What is needed: Nothing in the listing should differ in your copy; retype it all exactly.

=== Data to examine ===

(* There exists a family of MDPs $(\mathcal{M}_n)_{n\ge1}$, where $\mathcal{M}_n$ has $2n+1$ states, such that $|V(\mathsf{est}_{\mathsf{MDP}}(\tau))|=2^n$ for every trace $\tau$ with $|\tau|>2$ that is observed with positive probability under some scheduler (i.e., $\Pr^\sigma(\tau)>0$ for some scheduler $\sigma$).
   Context: An MDP is a tuple $\langle S,\iota,\mathsf{Act},P,\mathsf{Z},\mathsf{obs}\rangle$: finite state set $S$, initial distribution $\iota\in\mathsf{Distr}(S)$, finite action set $\mathsf{Act}$, partial transition function $P\colon S\times\mathsf{Act}\rightharpoonup\mathsf{Distr}(S)$ (write $P(s,\alpha,s')=P(s,\alpha)(s')$), finite observation set $\mathsf{Z}$, observation function $\mathsf{obs}\colon S\to\mathsf{Distr}(\mathsf{Z})$; $\mathsf{AvAct}(s)=\{\alpha\mid P(s,\alpha)\text{ defined}\}\neq\emptyset$. A scheduler $\sigma$ maps each finite path $\pi=s_0a_0\dots s_n$ (with $\iota(s_0)>0$, $P(s_i,a_i)(s_{i+1})>0$) to a distribution on $\mathsf{AvAct}(s_n)$, and $\Pr^\sigma(\pi)=\iota(s_0)\prod_{i<n}\sigma(s_0a_0\dots s_i)(a_i)P(s_i,a_i)(s_{i+1})$; for a trace $\tau=z_0\dots z_n$, $|\tau|$ is its length, $\Pr(\tau\mid\pi)=\prod_i\mathsf{obs}(s_i)(z_i)$ if $\pi$ has $n+1$ states and $0$ otherwise, and $\Pr^\sigma(\tau)=\sum_\pi\Pr^\sigma(\pi)\Pr(\tau\mid\pi)$. Beliefs: $\mathsf{Bel}=\mathsf{Distr}(S)\cup\{\mathbf{0}\}$ in $\mathbb{R}^S$. $\mathsf{est}_{\mathsf{MDP}}(z)=\{b_z\}$ with $b_z(s)=\iota(s)\mathsf{obs}(s)(z)/\sum_{\hat s}\iota(\hat s)\mathsf{obs}(\hat s)(z)$ (or $\mathbf{0}$ if the denominator is $0$), $\mathsf{est}_{\mathsf{MDP}}(\tau\cdot z)=\bigcup_{\mathsf{bel}\in\mathsf{est}_{\mathsf{MDP}}(\tau)}\mathsf{est}^{\mathsf{up}}(\mathsf{bel},z)$, where $\mathsf{bel}'\in\mathsf{est}^{\mathsf{up}}(\mathsf{bel},z)$ iff there is $\varsigma\colon S\to\mathsf{Distr}(\mathsf{Act})$ with $\varsigma(s)$ supported in $\mathsf{AvAct}(s)$ and $\mathsf{bel}'(s')=\dfrac{\sum_s\mathsf{bel}(s)\sum_\alpha\varsigma(s)(\alpha)P(s,\alpha,s')\mathsf{obs}(s')(z)}{\sum_s\mathsf{bel}(s)\sum_\alpha\varsigma(s)(\alpha)\sum_{\hat s}P(s,\alpha,\hat s)\mathsf{obs}(\hat s)(z)}$ ($0/0=0$). $V(B)$ is the set of elements of $B$ that are not convex combinations of other elements of $B$. *)

theory Defs
  imports "HOL-Analysis.Analysis"
begin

===

Result below:
(* There exists a family of MDPs $(\mathcal{M}_n)_{n\ge1}$, where $\mathcal{M}_n$ has $2n+1$ states, such that $|V(\mathsf{est}_{\mathsf{MDP}}(\tau))|=2^n$ for every trace $\tau$ with $|\tau|>2$ that is observed with positive probability under some scheduler (i.e., $\Pr^\sigma(\tau)>0$ for some scheduler $\sigma$).
   Context: An MDP is a tuple $\langle S,\iota,\mathsf{Act},P,\mathsf{Z},\mathsf{obs}\rangle$: finite state set $S$, initial distribution $\iota\in\mathsf{Distr}(S)$, finite action set $\mathsf{Act}$, partial transition function $P\colon S\times\mathsf{Act}\rightharpoonup\mathsf{Distr}(S)$ (write $P(s,\alpha,s')=P(s,\alpha)(s')$), finite observation set $\mathsf{Z}$, observation function $\mathsf{obs}\colon S\to\mathsf{Distr}(\mathsf{Z})$; $\mathsf{AvAct}(s)=\{\alpha\mid P(s,\alpha)\text{ defined}\}\neq\emptyset$. A scheduler $\sigma$ maps each finite path $\pi=s_0a_0\dots s_n$ (with $\iota(s_0)>0$, $P(s_i,a_i)(s_{i+1})>0$) to a distribution on $\mathsf{AvAct}(s_n)$, and $\Pr^\sigma(\pi)=\iota(s_0)\prod_{i<n}\sigma(s_0a_0\dots s_i)(a_i)P(s_i,a_i)(s_{i+1})$; for a trace $\tau=z_0\dots z_n$, $|\tau|$ is its length, $\Pr(\tau\mid\pi)=\prod_i\mathsf{obs}(s_i)(z_i)$ if $\pi$ has $n+1$ states and $0$ otherwise, and $\Pr^\sigma(\tau)=\sum_\pi\Pr^\sigma(\pi)\Pr(\tau\mid\pi)$. Beliefs: $\mathsf{Bel}=\mathsf{Distr}(S)\cup\{\mathbf{0}\}$ in $\mathbb{R}^S$. $\mathsf{est}_{\mathsf{MDP}}(z)=\{b_z\}$ with $b_z(s)=\iota(s)\mathsf{obs}(s)(z)/\sum_{\hat s}\iota(\hat s)\mathsf{obs}(\hat s)(z)$ (or $\mathbf{0}$ if the denominator is $0$), $\mathsf{est}_{\mathsf{MDP}}(\tau\cdot z)=\bigcup_{\mathsf{bel}\in\mathsf{est}_{\mathsf{MDP}}(\tau)}\mathsf{est}^{\mathsf{up}}(\mathsf{bel},z)$, where $\mathsf{bel}'\in\mathsf{est}^{\mathsf{up}}(\mathsf{bel},z)$ iff there is $\varsigma\colon S\to\mathsf{Distr}(\mathsf{Act})$ with $\varsigma(s)$ supported in $\mathsf{AvAct}(s)$ and $\mathsf{bel}'(s')=\dfrac{\sum_s\mathsf{bel}(s)\sum_\alpha\varsigma(s)(\alpha)P(s,\alpha,s')\mathsf{obs}(s')(z)}{\sum_s\mathsf{bel}(s)\sum_\alpha\varsigma(s)(\alpha)\sum_{\hat s}P(s,\alpha,\hat s)\mathsf{obs}(\hat s)(z)}$ ($0/0=0$). $V(B)$ is the set of elements of $B$ that are not convex combinations of other elements of $B$. *)

theory Defs
  imports "HOL-Analysis.Analysis"
begin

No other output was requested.